- Promotional poster by Butcher Billy
- Episode no.: Season 5 Episode 2
- Directed by: The Duffer Brothers
- Written by: The Duffer Brothers
- Cinematography by: Caleb Heymann
- Editing by: Casey Cichocki; Dean Zimmerman;
- Original air date: November 26, 2025
- Running time: 57 minutes

Guest appearances
- Sherman Augustus as Sullivan; Alex Breaux as Robert Akers; Joe Chrest as Ted Wheeler; Jake Connelly as Derek Turnbow; Nell Fisher as Holly Wheeler; Emanuel Borria as Sergeant Luis Ramirez;

Episode chronology
| ← Previous "Chapter One: The Crawl" | Next → "Chapter Three: The Turnbow Trap" |
- Stranger Things season 5

= Chapter Two: The Vanishing of Holly Wheeler =

"Chapter Two: The Vanishing of Holly Wheeler" is the second episode of the fifth season of the American science fiction horror drama television series Stranger Things. The 36th episode overall, the episode was written and directed by series creators The Duffer Brothers, and was released on November 26, 2025, on Netflix as part of volume one of season five.

Set on November 3, 1987, and focuses on the disappearance of Holly Wheeler (Nell Fisher) following an attack on her home by a demogorgon from the Upside Down. The rest of the episode features the fallout from this event and the remaining characters trying to find a way to rescue her and determine why she was targeted in the first place.

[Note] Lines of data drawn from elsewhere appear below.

(* Let $n\ge 2$ and $\Omega_Q=\{0,1\}^n$. For $i\neq j$ let $T^{(i,j)}$ be the Markov matrix on $\Omega_Q$ that deterministically swaps coordinates $i$ and $j$ of $\vec q$, let $T_p=\frac{1}{n(n-1)}\sum_{i\neq j}T^{(i,j)}$ and $T=\frac1n I+\frac{n-1}{n}T_p$. For $\sigma\in S_n$ let $[\sigma(\vec q)]_i=q_{\sigma^{-1}(i)}$, and for a probability distribution $\nu$ on $\Omega_Q$ let $\nu S=\frac{1}{n!}\sum_{\sigma\in S_n}\nu(\sigma(\cdot))$ (the distribution obtained by applying a uniformly random permutation of coordinates). Then every probability distribution $\nu$ on $\Omega_Q$ satisfies $\nu T^t\to\nu S$ as $t\to\infty$. Moreover, defining $$t_{mixT}(\varepsilon)=\max_{\nu}\min\{t:\|\nu T^t-\nu S\|_{TV}\le\varepsilon\},$$ where the maximum is over all probability distributions $\nu$ on $\Omega_Q$, one has $t_{mixT}(\varepsilon)=\Theta(n\ln(n/\varepsilon))$.
   Context: $\|\mu-\mu'\|_{TV}=\frac12\sum_x|\mu(x)-\mu'(x)|$. Distributions are row vectors and Markov matrices act on the right. *)

theory Defs
  imports "HOL-Analysis.Analysis" "HOL-Combinatorics.Permutations"
begin

text \<open>State space Omega_Q = {0,1}^n, coordinates indexed 0..n-1, as boolean lists of length n.\<close>
definition OmegaQ :: "nat \<Rightarrow> bool list set" where
  "OmegaQ n = {q. length q = n}"

definition is_dist :: "nat \<Rightarrow> (bool list \<Rightarrow> real) \<Rightarrow> bool" where
  "is_dist n \<nu> \<longleftrightarrow> (\<forall>q\<in>OmegaQ n. 0 \<le> \<nu> q) \<and> (\<forall>q. q \<notin> OmegaQ n \<longrightarrow> \<nu> q = 0)
     \<and> (\<Sum>q\<in>OmegaQ n. \<nu> q) = 1"

type_synonym qmat = "bool list \<Rightarrow> bool list \<Rightarrow> real"

definition vecmat :: "nat \<Rightarrow> (bool list \<Rightarrow> real) \<Rightarrow> qmat \<Rightarrow> (bool list \<Rightarrow> real)" where
  "vecmat n \<nu> M = (\<lambda>y. \<Sum>x\<in>OmegaQ n. \<nu> x * M x y)"

definition matmul :: "nat \<Rightarrow> qmat \<Rightarrow> qmat \<Rightarrow> qmat" where
  "matmul n A B = (\<lambda>x z. \<Sum>y\<in>OmegaQ n. A x y * B y z)"

definition idmat :: qmat where
  "idmat = (\<lambda>x y. if x = y then 1 else 0)"
text \<open>The type of \<open>c\<^sup>D T\<^sub>1 \<dots> T\<^sub>n\<close> is built from \<open>D\<close> and the atoms among the \<open>T\<^sub>i\<close>.\<close>
lemma fm_atoms_lt_type_con_headed:
  "con_headed t \<Longrightarrow> typing \<Gamma> t T \<Longrightarrow> tm_atoms_lt N t \<Longrightarrow> fm_atoms_lt N T"
proof (induction t arbitrary: T)
  case (App t s)
  then show ?case by (fastforce elim: typing_AppE)
next
  case (TApp t Y)
  then obtain A where A: "typing \<Gamma> t (All A)" "T = fsubst 0 Y A" by (auto elim: typing_TAppE)
  with TApp have "fm_atoms_lt (Suc N) A" by fastforce
  with TApp.prems(3) show ?case
    unfolding A(2) fsubst_eq_ren_fm by (auto intro!: fm_atoms_lt_ren_fm simp: inst_atom_def)
qed (auto elim: typing_ConE)

section \<open>Reduction\<close>

lemma rtranclp_map:
  assumes "\<And>x y. R x y \<Longrightarrow> S (f x) (f y)" and "R\<^sup>*\<^sup>* x y"
  shows "S\<^sup>*\<^sup>* (f x) (f y)"
  using assms(2) by induction (auto intro: assms(1) rtranclp.rtrancl_into_rtrancl)

lemma rtranclp_reflect:
  assumes "\<And>x z. R (f x) z \<Longrightarrow> \<exists>y. R x y \<and> z = f y" and "R\<^sup>*\<^sup>* (f x) z"
  shows "\<exists>y. R\<^sup>*\<^sup>* x y \<and> z = f y"
  using assms(2)
proof (induction rule: rtranclp_induct)
  case (step z z')
  then show ?case by (metis assms(1) rtranclp.rtrancl_into_rtrancl)
qed blast

lemma beta_star_Lam: "beta_star t t' \<Longrightarrow> beta_star (Lam t) (Lam t')"
  by (rule rtranclp_map) (rule B_Lam)

lemma beta_star_TLam: "beta_star t t' \<Longrightarrow> beta_star (TLam t) (TLam t')"
  by (rule rtranclp_map) (rule B_TLam)

lemma beta_star_AppL: "beta_star t t' \<Longrightarrow> beta_star (App t s) (App t' s)"
  by (rule rtranclp_map[where f = "\<lambda>t. App t s"]) (rule B_AppL)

The episode received acclaim from critics with praise for the opening scene and the performances (particularly Caleb McLaughlin, Natalia Dyer, Cara Buono, and Nell Fisher).

== Plot ==
As a Demogorgon crashes through Holly's ceiling, she flees to the bathroom where Karen is about to take a bath. Karen tries to reassure Holly, but then notices she is bleeding as the lights begin to flicker. Holly and Karen hide underneath the bathwater as the Demogorgon breaks through the bathroom door. Having noticed the lights as well, Ted enters the Wheeler home, shouting for Holly and Karen. The Demogorgon approaches Ted, who tries to hit it with his golf club, but it throws him through a wall and through Mike's closet. Holly and Karen try to escape the house, but the monster corners them. Karen smashes a wine bottle and begins stabbing the Demogorgon. Having been warned by Will, Eleven and Nancy race to the house, where they find an injured and bloodied Karen. With Holly taken by the Demogorgon, Nancy urges Eleven to pursue them, and Eleven rushes through a nearby portal to the Upside Down.

In the Upside Down, Eleven runs into Hopper while tracking the Demogorgon. He is frustrated with her for putting herself at risk while the military hunts her, but she insists she followed her instincts and believes that finding Holly will lead them to Vecna. She patches up his wound, and Hopper admits that he is afraid of losing her like he lost his daughter. They find a large, impenetrable wall, which Eleven realizes that the Demogorgon has taken Holly through. Neither is able to break through. In Hawkins, Dr. Kay and her soldiers review CCTV footage from the Wheeler house and see Eleven with Nancy, believing her to be connected to the attack.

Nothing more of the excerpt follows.